Taste Profiles get added to the Million Song Dataset

October 27, 2011

The Echo Nest is overjoyed to announce a major addition to the beloved Million Song Dataset for researchers and developers — a huge collection of real world anonymized listener data in the form of Echo Nest Taste Profiles!

We are contributing 1.2 million unique (and carefully anonymized) listeners’ taste profiles that overlap with 400,000 songs of the Million Song Dataset. Each taste profile has at least 10 unique MSD songs worth of activity. This is the largest music activity dataset made available to researchers and we are happy to take part in it. Scientists, developers and researchers can now understand the correlation between the deep musical context in the MSD (provided by Last.fm, musixmatch, SecondHandSongs and of course The Echo Nest) and actual user preference and activity. With all of this data, we can perhaps begin to better model and understand musical behavior and go far, far beyond “people who like Coldplay also like Beyonce.” We were inspired to contribute by the 360K Last.fm dataset and of course the amazing but controversial Yahoo Music KDD Cup release.

We treat listener privacy incredibly carefully at the Echo Nest (our CTO is a bit paranoid) and this release reflects that care: the data in our Taste Profile release include a shuffled hash of persistent session identifiers from a very small random selection of our musical universe and only play counts associated with Echo Nest song IDs that overlap with the MSD set.
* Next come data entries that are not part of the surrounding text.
(* Let $k\ge 4$ and let $f,\tilde f$ be CNF formulas whose literal-clause graphs with negation connections $\mathrm{LCN}(f)$ and $\mathrm{LCN}(\tilde f)$ are indistinguishable by the $k$-WL test. Then for every partial assignment $\sigma$ of the variables of $f$ that sets at most $\lfloor k/2\rfloor-1$ variables, there exists a partial assignment $\tilde\sigma$ of the variables of $\tilde f$ such that $\mathrm{LCN}(\sigma(f))$ and $\mathrm{LCN}(\tilde\sigma(\tilde f))$ are indistinguishable by the (1-dimensional) WL test.
   Context: Literals, clauses (sets of literals, read as disjunctions) and CNF formulas (sets of clauses, read as conjunctions) are as usual. For a CNF formula $f$ on variables $x_1,\dots,x_n$, $\mathrm{LCN}(f)$ is the edge-colored graph whose vertices are the $2n$ literals $x_i,\neg x_i$ and one vertex per clause, with a "literal-clause" colored edge $\{\ell,c\}$ whenever $\ell\in c$ and a differently colored "literal-literal" edge $\{x_i,\neg x_i\}$ for each $i$; vertices carry no labels. For a partial assignment $\sigma$, $\mathrm{LCN}(\sigma(f))$ is $\mathrm{LCN}(f)$ in which each literal vertex set to true by $\sigma$ receives the vertex label $\top$, each literal set to false receives the label $\bot$, and all other vertices carry a common default label. WL test (with vertex and edge colors): $\chi^0$ is the vertex labeling; $\chi^\ell(v)=(\chi^{\ell-1}(v),(\{\!\{\chi^{\ell-1}(w):w\in N_c(v)\}\!\})_{c})$, where $N_c(v)$ is the set of neighbors of $v$ via edges of color $c$, iterated until the partition stabilizes; it is run on the disjoint union of two graphs, and they are distinguished iff some color occurs a different number of times among the vertices of the two graphs. $k$-WL test: the atomic type of $\bar v\in V(G)^k$ is determined by the colored induced subgraph on its entries (tuples have equal type iff $v_i\mapsto u_i$ is an isomorphism of the colored induced subgraphs); $\chi^0(\bar v)$ is the atomic type and $\chi^\ell(\bar v)=(\chi^{\ell-1}(\bar v),\chi^{\ell-1}_1(\bar v),\dots,\chi^{\ell-1}_k(\bar v))$ with $\chi^{\ell-1}_i(\bar v)=\{\!\{\chi^{\ell-1}(v_1,..,v_{i-1},u,v_{i+1},..,v_k):u\in V\}\!\}$, until stable; run on the disjoint union, two graphs are distinguished iff some color class has different numbers of tuples from the two graphs. *)

theory Defs
  imports Main "HOL-Library.Multiset"
begin

record ('v, 'l, 'c) cgraph =
  verts :: "'v set"
  lab   :: "'v \<Rightarrow> 'l"
  edge  :: "'v \<Rightarrow> 'v \<Rightarrow> 'c option"

definition disj_union ::
  "('v, 'l, 'c) cgraph \<Rightarrow> ('w, 'l, 'c) cgraph \<Rightarrow> ('v + 'w, 'l, 'c) cgraph" where
  "disj_union G H =
     \<lparr> verts = Inl ` verts G \<union> Inr ` verts H,
       lab = case_sum (lab G) (lab H),
       edge = (\<lambda>x y. case (x, y) of
                 (Inl u, Inl v) \<Rightarrow> edge G u v
               | (Inr u, Inr v) \<Rightarrow> edge H u v
               | _ \<Rightarrow> None) \<rparr>"

datatype ('l, 'c) wlcol =
  WBase 'l
| WStep "('l, 'c) wlcol" "'c \<Rightarrow> ('l, 'c) wlcol multiset"

fun wl_col :: "('v, 'l, 'c) cgraph \<Rightarrow> nat \<Rightarrow> 'v \<Rightarrow> ('l, 'c) wlcol" where
  "wl_col G 0 v = WBase (lab G v)"
| "wl_col G (Suc n) v =
     WStep (wl_col G n v)
       (\<lambda>c. image_mset (wl_col G n) (mset_set {w \<in> verts G. edge G v w = Some c}))"

definition wl_part :: "('v, 'l, 'c) cgraph \<Rightarrow> nat \<Rightarrow> ('v \<times> 'v) set" where
  "wl_part G n = {(u, v). u \<in> verts G \<and> v \<in> verts G \<and> wl_col G n u = wl_col G n v}"

definition wl_stable_round :: "('v, 'l, 'c) cgraph \<Rightarrow> nat" where
  "wl_stable_round G = (LEAST n. wl_part G (Suc n) = wl_part G n)"

definition wl_distinguishes :: "('v, 'l, 'c) cgraph \<Rightarrow> ('w, 'l, 'c) cgraph \<Rightarrow> bool" where
  "wl_distinguishes G H =
     (let U = disj_union G H; m = wl_stable_round U in
      \<exists>c. card {v \<in> verts G. wl_col U m (Inl v) = c} \<noteq> card {v \<in> verts H. wl_col U m (Inr v) = c})"

text \<open>Two tuples have
  the same atomic type iff \<open>v_i \<mapsto> u_i\<close> is an isomorphism of the coloured induced subgraphs.\<close>

definition atp :: "('v, 'l, 'c) cgraph \<Rightarrow> 'v list \<Rightarrow> 'l list \<times> (bool \<times> 'c option) list list" where
  "atp G vs = (map (lab G) vs, map (\<lambda>a. map (\<lambda>b. (a = b, edge G a b)) vs) vs)"

datatype ('l, 'c) kcol =
  KBase "'l list \<times> (bool \<times> 'c option) list list"
| KStep "('l, 'c) kcol" "('l, 'c) kcol multiset list"

fun kwl_col :: "nat \<Rightarrow> ('v, 'l, 'c) cgraph \<Rightarrow> nat \<Rightarrow> 'v list \<Rightarrow> ('l, 'c) kcol" where
  "kwl_col k G 0 vs = KBase (atp G vs)"
| "kwl_col k G (Suc n) vs =
     KStep (kwl_col k G n vs)
       (map (\<lambda>i. image_mset (\<lambda>u. kwl_col k G n (vs[i := u])) (mset_set (verts G))) [0..<k])"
There is no connection to individuals. The date added field is the date of the anonymized ingestion and is not the date of the original activity. No usernames, listener details, original IDs, dates, IPs, locations or anything but [random user string, EN song ID, play count] are being released. 

Please go over to the MSD Taste Profile page for more details and also check out the Million Song Dataset paper, presented just yesterday at ISMIR 2011 in Miami. Thanks to Thierry and Tyler for all their help getting this data ready.

—Brian